Unleash the Power of Data Visualization as a Data Scientist

Why It’s Great to Master Data Visualization:

• Data Quality Assurance: Visualization can play a crucial role in identifying and addressing data quality issues. By mastering data visualization techniques, you can visually identify faulty and wrongly formatted data, ensuring the accuracy and reliability of your analyses.
• Data Exploration: Visualization empowers you to gain deeper insights and a better understanding of your data. By leveraging visualization tools, you can visually analyze patterns, trends, and relationships within your dataset, uncovering hidden insights that may not be evident through raw data alone.
• Effective Data Presentation: Data visualization is a powerful tool for presenting your findings to stakeholders. By mastering data visualization, you can effectively communicate your data-driven insights, making complex information more accessible and engaging to a wider audience.

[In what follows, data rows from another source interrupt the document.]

lemma odd_inversions_append:
  assumes "distinct (xs @ ys)"
  shows "card (odd_inversions ds (xs @ ys)) =
           card (odd_inversions ds xs) + card (odd_inversions ds ys) +
           card (odd_crossings ds (set xs) (set ys))"
proof -
  have eq: "odd_inversions ds (xs @ ys) =
              odd_inversions ds xs \<union> odd_inversions ds ys \<union> odd_crossings ds (set xs) (set ys)"
    unfolding odd_inversions_def odd_crossings_def occurs_before_append by auto
  have fin: "finite (odd_crossings ds (set xs) (set ys))"
    by (rule finite_subset[of _ "set ys \<times> set xs"]) (auto simp: odd_crossings_def)
  have "odd_inversions ds xs \<inter> odd_inversions ds ys = {}"
    "(odd_inversions ds xs \<union> odd_inversions ds ys) \<inter> odd_crossings ds (set xs) (set ys) = {}"
    using assms by (auto simp: odd_inversions_def odd_crossings_def dest!: occurs_before_in_set)
  thus ?thesis unfolding eq using fin finite_odd_inversions by (simp add: card_Un_disjoint)
qed

lemma koszul_append:
  "distinct (xs @ ys) \<Longrightarrow>
     koszul ds (xs @ ys) = koszul ds xs * koszul ds ys * (-1) ^ card (odd_crossings ds (set xs) (set ys))"
  by (simp add: koszul_eq_odd_inversions odd_inversions_append power_add)

lemma koszul_sorted:
  assumes "sorted xs" "distinct xs"
  shows "koszul ds xs = 1"
proof -
  have "odd_inversions ds xs = {}"
    using assms by (auto simp: odd_inversions_def occurs_before_sorted_iff)
  thus ?thesis using assms(2) by (simp add: koszul_eq_odd_inversions)
qed

lemma koszul_cong:
  assumes "distinct ps" "\<And>u. u \<in> set ps \<Longrightarrow> ds ! u = es ! u"
  shows "koszul ds ps = koszul es ps"
proof -
  have "odd_inversions ds ps = odd_inversions es ps"
    using assms(2) unfolding odd_inversions_def by (auto dest: occurs_before_in_set)
  thus ?thesis using assms(1) by (simp add: koszul_eq_odd_inversions)
qed

lemma koszul_map_mono:
  assumes "distinct ps"
    and mono: "\<And>x y. x \<in> set ps \<Longrightarrow> y \<in> set ps \<Longrightarrow> x < y \<Longrightarrow> f x < f y"
    and deg: "\<And>i. i \<in> set ps \<Longrightarrow> es ! i = ds ! f i"
  shows "koszul ds (map f ps) = koszul es ps"
proof -
  have inj: "inj_on f (set ps)" using mono by (metis inj_onI linorder_neqE_nat order_less_irrefl)
  let ?g = "\<lambda>(i, j). (f i, f j)"
  have "?g ` odd_inversions es ps = odd_inversions ds (map f ps)"
  proof
    show "?g ` odd_inversions es ps \<subseteq> odd_inversions ds (map f ps)"
      using mono deg unfolding odd_inversions_def occurs_before_map_iff
      by (auto dest: occurs_before_in_set)
    show "odd_inversions ds (map f ps) \<subseteq> ?g ` odd_inversions es ps"
    proof
      fix x assume "x \<in> odd_inversions ds (map f ps)"
      then obtain i j where x: "x = (f i, f j)" "f i < f j" "odd (ds ! f i * ds ! f j)"
          "occurs_before ps j i"
        unfolding odd_inversions_def occurs_before_map_iff by auto
      have ij: "i \<in> set ps" "j \<in> set ps" using occurs_before_in_set[OF x(4)] by auto
      have "i < j" using mono[OF ij(2) ij(1)] x(2) ij by (metis linorder_neqE_nat order_less_asym)
      hence "(i, j) \<in> odd_inversions es ps" using x deg ij unfolding odd_inversions_def by auto
      thus "x \<in> ?g ` odd_inversions es ps" using x by force
    qed
  qed
  moreover have "inj_on ?g (odd_inversions es ps)"
    using inj by (auto simp: inj_on_def odd_inversions_def dest!: occurs_before_in_set)
  moreover have "distinct (map f ps)" using assms(1) inj by (simp add: distinct_map)
  ultimately show ?thesis using assms(1) by (simp add: koszul_eq_odd_inversions card_image[symmetric])
qed

lemma minus_one_power_card_sym_diff:
  assumes "finite A" "finite B"
  shows "(-1::int) ^ card ((A - B) \<union> (B - A)) = (-1) ^ card A * (-1) ^ card B"
proof -
  have "card A + card B = card (A \<union> B) + card (A \<inter> B)"
    using assms by (rule card_Un_Int)
  also have "A \<union> B = ((A - B) \<union> (B - A)) \<union> (A \<inter> B)" by auto
  also have "card \<dots> = card ((A - B) \<union> (B - A)) + card (A \<inter> B)"
    using assms by (intro card_Un_disjoint) auto
  finally have "card A + card B = card ((A - B) \<union> (B - A)) + 2 * card (A \<inter> B)" by simp
  hence "(-1::int) ^ (card A + card B) = (-1) ^ card ((A - B) \<union> (B - A))"
    by (simp add: power_add power_mult)
  thus ?thesis by (simp add: power_add)
qed

lemma inj_on_sorted_pair_image:
  fixes f :: "nat \<Rightarrow> 'a::linorder"
  assumes "inj_on f {..<n}"
  shows "inj_on (\<lambda>(i, j). (min (f i) (f j), max (f i) (f j))) {(i, j). i < j \<and> j < n}"
proof (rule inj_onI)
  fix x y assume x: "x \<in> {(i, j). i < j \<and> j < n}" and y: "y \<in> {(i, j). i < j \<and> j < n}"
    and eq: "(\<lambda>(i, j). (min (f i) (f j), max (f i) (f j))) x = (\<lambda>(i, j). (min (f i) (f j), max (f i) (f j))) y"
  obtain i j i' j' where xy: "x = (i, j)" "y = (i', j')" by fastforce
  have ij: "i < j" "j < n" "i' < j'" "j' < n" using x y xy by auto
  have "f i = f i' \<and> f j = f j' \<or> f i = f j' \<and> f j = f i'"
    using eq xy by (auto simp: min_def max_def split: if_splits)
  hence "i = i' \<and> j = j' \<or> i = j' \<and> j = i'"
    using assms ij by (auto simp: inj_on_def)
  thus "x = y" using ij xy by auto
qed

lemma card_odd_pairs_reordered:
  assumes P: "distinct P" "set P = {..<n}" and Q: "distinct Q" "set Q = {..<n}"
  shows "card {(u, v). u < v \<and> odd (ds ! u * ds ! v) \<and> u < n \<and> v < n \<and>
                 occurs_before P v u \<noteq> occurs_before (map ((!) P) Q) v u}
         = card (odd_inversions (map ((!) ds) P) Q)"
    (is "card ?X = card ?I")
proof -
  have lenP: "length P = n" using P distinct_card by fastforce
  have injP: "inj_on ((!) P) {..<n}" using P lenP by (simp add: inj_on_nth)
  have P_nth: "P ! i < n" if "i < n" for i using P lenP that nth_mem by blast
  have before_P: "occurs_before P (P ! i) (P ! j) \<longleftrightarrow> i < j" if "i < n" "j < n" for i j
    using occurs_before_nth_iff P lenP that by blast
  have before_R: "occurs_before (map ((!) P) Q) (P ! i) (P ! j) \<longleftrightarrow> occurs_before Q i j"
    if "i < n" "j < n" for i j
    using occurs_before_map_inj_iff[of "(!) P" Q] injP Q that by auto
  have in_Q: "i < n \<and> j < n" if "occurs_before Q i j" for i j
    using occurs_before_in_set[OF that] Q by auto
  let ?f = "\<lambda>(i, j). (min (P ! i) (P ! j), max (P ! i) (P ! j))"
  have "?I \<subseteq> {(i, j). i < j \<and> j < n}"
    using in_Q by (auto simp: odd_inversions_def)
  hence inj: "inj_on ?f ?I" using inj_on_sorted_pair_image[OF injP] by (rule inj_on_subset[rotated])
  have img: "?f ` ?I = ?X"
  proof
    show "?f ` ?I \<subseteq> ?X"
    proof (rule image_subsetI)
      fix x assume "x \<in> ?I"
      moreover obtain i j where x: "x = (i, j)" by fastforce
      ultimately have ij: "i < j" "odd (ds ! (P ! i) * ds ! (P ! j))" "occurs_before Q j i" "i < n" "j < n"
        using in_Q lenP by (auto simp: odd_inversions_def)
      have "P ! i \<noteq> P ! j" using ij injP by (auto simp: inj_on_def)
      moreover have "\<not> occurs_before Q i j" using occurs_before_asym[OF Q(1) ij(3)] .
      ultimately show "?f x \<in> ?X"
        unfolding x using ij P_nth before_P before_R by (auto simp: min_def max_def mult.commute)
    qed
    show "?X \<subseteq> ?f ` ?I"
    proof (rule subsetI)
      fix x assume "x \<in> ?X"
      moreover obtain u v where x: "x = (u, v)" by fastforce
      ultimately have uv: "u < v" "odd (ds ! u * ds ! v)" "u < n" "v < n"
        "occurs_before P v u \<noteq> occurs_before (map ((!) P) Q) v u" by auto
      obtain a b where ab: "a < n" "P ! a = u" "b < n" "P ! b = v"
        using uv P lenP by (metis in_set_conv_nth lessThan_iff)
      have "a \<noteq> b" using ab uv by auto
      have "(min a b, max a b) \<in> ?I"
      proof (cases "a < b")
        case True
        hence "occurs_before Q b a" using uv ab before_P before_R by auto
        thus ?thesis using True ab uv lenP by (auto simp: odd_inversions_def)
      next
        case False
        hence "\<not> occurs_before Q b a" using uv ab before_P before_R by auto
        hence "occurs_before Q a b" using occurs_before_total[of a Q b] Q ab \<open>a \<noteq> b\<close> by auto
        moreover have "b < a" using False \<open>a \<noteq> b\<close> by simp
        ultimately show ?thesis using ab uv lenP by (auto simp: odd_inversions_def mult.commute)
      qed
      moreover have "?f (min a b, max a b) = (u, v)" using ab uv by (auto simp: min_def max_def)
      ultimately show "x \<in> ?f ` ?I" unfolding x by force
    qed
  qed
  show ?thesis using card_image[OF inj] img by simp
qed

lemma koszul_map_nth:
  assumes P: "distinct P" "set P = {..<n}" and Q: "distinct Q" "set Q = {..<n}"
  shows "koszul ds (map ((!) P) Q) = koszul ds P * koszul (map ((!) ds) P) Q"
proof -
  let ?R = "map ((!) P) Q"
  let ?X = "{(u, v). u < v \<and> odd (ds ! u * ds ! v) \<and> u < n \<and> v < n \<and>
                occurs_before P v u \<noteq> occurs_before ?R v u}"
  have lenP: "length P = n" using P distinct_card by fastforce
  have "inj_on ((!) P) (set Q)" using P Q lenP by (simp add: inj_on_nth)
  hence R: "distinct ?R" "set ?R = {..<n}"
    using Q P lenP nth_image[of n P] by (auto simp: distinct_map lessThan_atLeast0)
  have "odd_inversions ds ?R = (odd_inversions ds P - ?X) \<union> (?X - odd_inversions ds P)"
    unfolding odd_inversions_def using occurs_before_in_set P R by blast
  moreover have "finite ?X" by (rule finite_subset[of _ "{..<n} \<times> {..<n}"]) auto
  ultimately have "koszul ds ?R = koszul ds P * (-1) ^ card ?X"
    using R P by (simp add: koszul_eq_odd_inversions minus_one_power_card_sym_diff finite_odd_inversions)
  thus ?thesis using card_odd_pairs_reordered[OF P Q] Q by (simp add: koszul_eq_odd_inversions)
qed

Topics Covered in This Tutorial

1. Data Quality: Explore how visualization can help identify faulty and wrongly formatted data. Learn techniques to visually identify and rectify data quality issues using real-life examples.
2. Data Exploration: Dive into the world of data exploration with visualization. Discover how visualization techniques can enhance your understanding of complex datasets, enabling you to discover patterns, outliers, and correlations.
3. Data Presentation: Harness the power of data visualization to present your findings effectively. Learn how to use visualizations to confirm key insights and create compelling narratives that resonate with your audience.

But First, Understand the Power of Data Visualization:

• Gain insights into why data visualization is a powerful tool that every data scientist should master. Explore the benefits of visualizing data and understand how it can enhance your data analysis capabilities.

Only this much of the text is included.